▼▼▼

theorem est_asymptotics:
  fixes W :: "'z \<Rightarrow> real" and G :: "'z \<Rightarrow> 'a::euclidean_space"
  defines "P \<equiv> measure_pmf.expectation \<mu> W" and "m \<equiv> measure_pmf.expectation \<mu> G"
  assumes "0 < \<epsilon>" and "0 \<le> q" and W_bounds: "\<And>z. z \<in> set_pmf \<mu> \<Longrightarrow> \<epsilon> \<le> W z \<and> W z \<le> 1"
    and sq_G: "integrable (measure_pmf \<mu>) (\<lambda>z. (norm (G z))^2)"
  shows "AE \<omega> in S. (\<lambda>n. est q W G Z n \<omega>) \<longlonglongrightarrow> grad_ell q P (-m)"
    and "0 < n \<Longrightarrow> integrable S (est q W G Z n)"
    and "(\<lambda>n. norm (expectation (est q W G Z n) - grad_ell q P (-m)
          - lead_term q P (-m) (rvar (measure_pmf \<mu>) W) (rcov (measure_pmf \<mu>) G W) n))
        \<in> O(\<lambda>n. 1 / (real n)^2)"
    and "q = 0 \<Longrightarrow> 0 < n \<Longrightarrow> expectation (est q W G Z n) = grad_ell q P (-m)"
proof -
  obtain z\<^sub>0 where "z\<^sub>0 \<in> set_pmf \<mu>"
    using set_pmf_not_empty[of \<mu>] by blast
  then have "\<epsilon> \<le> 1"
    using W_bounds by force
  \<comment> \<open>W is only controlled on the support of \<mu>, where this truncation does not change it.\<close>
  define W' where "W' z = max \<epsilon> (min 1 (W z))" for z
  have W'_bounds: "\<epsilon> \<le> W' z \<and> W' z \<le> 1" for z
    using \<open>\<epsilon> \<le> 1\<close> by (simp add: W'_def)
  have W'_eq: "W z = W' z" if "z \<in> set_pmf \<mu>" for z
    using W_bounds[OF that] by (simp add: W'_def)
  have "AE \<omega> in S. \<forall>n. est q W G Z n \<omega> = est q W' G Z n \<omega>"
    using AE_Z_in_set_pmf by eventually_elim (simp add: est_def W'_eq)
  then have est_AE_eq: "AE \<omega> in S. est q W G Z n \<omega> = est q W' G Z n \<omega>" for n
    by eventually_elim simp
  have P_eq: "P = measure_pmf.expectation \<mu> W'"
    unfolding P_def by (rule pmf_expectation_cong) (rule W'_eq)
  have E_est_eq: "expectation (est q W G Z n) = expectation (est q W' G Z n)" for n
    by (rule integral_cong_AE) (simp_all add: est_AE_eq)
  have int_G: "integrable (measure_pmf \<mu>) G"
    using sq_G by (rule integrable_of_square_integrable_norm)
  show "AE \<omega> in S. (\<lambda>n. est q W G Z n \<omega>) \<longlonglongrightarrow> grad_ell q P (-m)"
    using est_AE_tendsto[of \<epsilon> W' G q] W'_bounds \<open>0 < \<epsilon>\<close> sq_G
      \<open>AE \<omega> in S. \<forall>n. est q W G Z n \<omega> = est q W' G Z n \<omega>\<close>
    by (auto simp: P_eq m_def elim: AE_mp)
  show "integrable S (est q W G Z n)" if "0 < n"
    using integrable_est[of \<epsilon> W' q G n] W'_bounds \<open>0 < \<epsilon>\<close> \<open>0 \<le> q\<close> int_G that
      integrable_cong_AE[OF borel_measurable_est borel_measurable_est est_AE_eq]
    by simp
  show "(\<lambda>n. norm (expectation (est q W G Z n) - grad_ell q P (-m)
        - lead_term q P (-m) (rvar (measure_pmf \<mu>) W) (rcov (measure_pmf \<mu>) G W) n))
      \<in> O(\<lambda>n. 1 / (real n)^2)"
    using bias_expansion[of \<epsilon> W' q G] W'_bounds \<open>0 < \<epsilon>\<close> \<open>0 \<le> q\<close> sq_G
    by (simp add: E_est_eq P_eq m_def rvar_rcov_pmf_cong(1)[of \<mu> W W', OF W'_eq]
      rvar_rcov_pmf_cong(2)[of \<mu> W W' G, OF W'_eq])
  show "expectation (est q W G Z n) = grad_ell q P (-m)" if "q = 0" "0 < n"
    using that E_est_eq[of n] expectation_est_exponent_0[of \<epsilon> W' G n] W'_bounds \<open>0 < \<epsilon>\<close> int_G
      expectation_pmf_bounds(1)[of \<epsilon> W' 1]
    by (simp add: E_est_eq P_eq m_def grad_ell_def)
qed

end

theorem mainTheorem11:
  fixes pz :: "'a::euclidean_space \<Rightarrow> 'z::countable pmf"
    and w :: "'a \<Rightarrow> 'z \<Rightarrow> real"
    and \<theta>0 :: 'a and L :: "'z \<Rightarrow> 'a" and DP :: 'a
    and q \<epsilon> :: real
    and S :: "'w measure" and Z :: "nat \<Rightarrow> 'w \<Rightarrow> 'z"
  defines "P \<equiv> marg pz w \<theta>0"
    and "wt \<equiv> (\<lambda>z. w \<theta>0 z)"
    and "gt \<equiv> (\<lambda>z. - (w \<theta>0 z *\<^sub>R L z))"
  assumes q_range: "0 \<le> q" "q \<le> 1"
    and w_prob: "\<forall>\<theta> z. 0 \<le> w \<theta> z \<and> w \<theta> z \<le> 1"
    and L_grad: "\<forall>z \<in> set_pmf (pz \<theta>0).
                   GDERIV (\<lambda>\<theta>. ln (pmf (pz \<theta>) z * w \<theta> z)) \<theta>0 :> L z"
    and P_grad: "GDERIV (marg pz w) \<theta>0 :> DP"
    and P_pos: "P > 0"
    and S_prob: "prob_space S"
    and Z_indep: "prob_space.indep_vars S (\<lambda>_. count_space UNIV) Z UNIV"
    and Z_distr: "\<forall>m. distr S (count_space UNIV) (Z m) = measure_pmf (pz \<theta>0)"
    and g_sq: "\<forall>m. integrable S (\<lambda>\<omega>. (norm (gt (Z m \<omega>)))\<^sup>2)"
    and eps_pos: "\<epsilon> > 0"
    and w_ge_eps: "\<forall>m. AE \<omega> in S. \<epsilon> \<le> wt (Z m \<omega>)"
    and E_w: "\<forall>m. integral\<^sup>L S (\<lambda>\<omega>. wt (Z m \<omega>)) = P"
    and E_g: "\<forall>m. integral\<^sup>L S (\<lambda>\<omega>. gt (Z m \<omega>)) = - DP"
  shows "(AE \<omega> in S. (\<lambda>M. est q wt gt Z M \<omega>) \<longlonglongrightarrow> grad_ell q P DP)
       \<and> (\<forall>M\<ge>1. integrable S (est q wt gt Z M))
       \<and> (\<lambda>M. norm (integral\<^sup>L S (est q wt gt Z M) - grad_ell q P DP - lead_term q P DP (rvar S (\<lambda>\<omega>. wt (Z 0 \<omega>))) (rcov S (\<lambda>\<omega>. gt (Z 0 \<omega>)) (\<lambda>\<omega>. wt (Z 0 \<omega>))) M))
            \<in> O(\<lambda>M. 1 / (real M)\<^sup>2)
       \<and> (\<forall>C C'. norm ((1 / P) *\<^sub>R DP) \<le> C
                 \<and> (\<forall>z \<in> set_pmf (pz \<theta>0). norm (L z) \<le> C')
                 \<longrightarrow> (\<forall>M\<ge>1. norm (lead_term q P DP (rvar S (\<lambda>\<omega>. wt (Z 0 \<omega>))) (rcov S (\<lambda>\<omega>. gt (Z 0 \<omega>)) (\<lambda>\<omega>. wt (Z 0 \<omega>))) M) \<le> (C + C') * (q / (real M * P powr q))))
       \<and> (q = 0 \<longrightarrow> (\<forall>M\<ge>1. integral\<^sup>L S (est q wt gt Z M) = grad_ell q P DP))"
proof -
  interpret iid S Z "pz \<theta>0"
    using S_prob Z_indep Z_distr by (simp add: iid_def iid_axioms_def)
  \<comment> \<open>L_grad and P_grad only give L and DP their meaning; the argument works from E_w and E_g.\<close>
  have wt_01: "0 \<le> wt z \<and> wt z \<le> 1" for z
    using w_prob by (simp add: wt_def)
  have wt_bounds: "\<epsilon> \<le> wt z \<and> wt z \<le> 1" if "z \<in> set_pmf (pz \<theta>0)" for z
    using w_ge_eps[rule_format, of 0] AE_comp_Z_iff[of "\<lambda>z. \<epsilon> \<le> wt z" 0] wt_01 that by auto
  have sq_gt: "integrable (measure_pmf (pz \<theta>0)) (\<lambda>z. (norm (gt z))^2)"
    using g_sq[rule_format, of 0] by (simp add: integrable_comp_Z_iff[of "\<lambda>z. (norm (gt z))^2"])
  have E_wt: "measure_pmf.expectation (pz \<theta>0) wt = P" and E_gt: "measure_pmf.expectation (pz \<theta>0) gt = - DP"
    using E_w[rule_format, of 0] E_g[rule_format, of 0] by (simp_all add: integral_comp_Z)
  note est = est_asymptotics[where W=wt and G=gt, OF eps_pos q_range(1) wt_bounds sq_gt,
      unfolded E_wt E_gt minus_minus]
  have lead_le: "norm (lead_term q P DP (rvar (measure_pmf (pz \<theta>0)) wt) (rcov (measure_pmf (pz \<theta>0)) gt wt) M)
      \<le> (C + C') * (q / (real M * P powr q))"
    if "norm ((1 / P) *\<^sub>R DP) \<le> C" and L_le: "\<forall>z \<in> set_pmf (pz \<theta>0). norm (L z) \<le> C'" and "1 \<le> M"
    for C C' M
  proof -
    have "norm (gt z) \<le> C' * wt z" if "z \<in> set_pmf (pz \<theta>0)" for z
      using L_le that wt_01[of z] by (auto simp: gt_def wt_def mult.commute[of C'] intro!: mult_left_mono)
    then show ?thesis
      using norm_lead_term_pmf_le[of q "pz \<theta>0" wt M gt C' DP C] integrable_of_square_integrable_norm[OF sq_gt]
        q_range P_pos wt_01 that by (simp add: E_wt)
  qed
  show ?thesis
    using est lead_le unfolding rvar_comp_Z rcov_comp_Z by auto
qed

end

▲▲▲

* ACTION ITEM *
For the listing above, print only the lines starting at the line containing "interpret iid S" and ending at the line containing "E_w and E_g.\<close>", exactly, both included.

* ANSWER *
  interpret iid S Z "pz \<theta>0"
    using S_prob Z_indep Z_distr by (simp add: iid_def iid_axioms_def)
  \<comment> \<open>L_grad and P_grad only give L and DP their meaning; the argument works from E_w and E_g.\<close>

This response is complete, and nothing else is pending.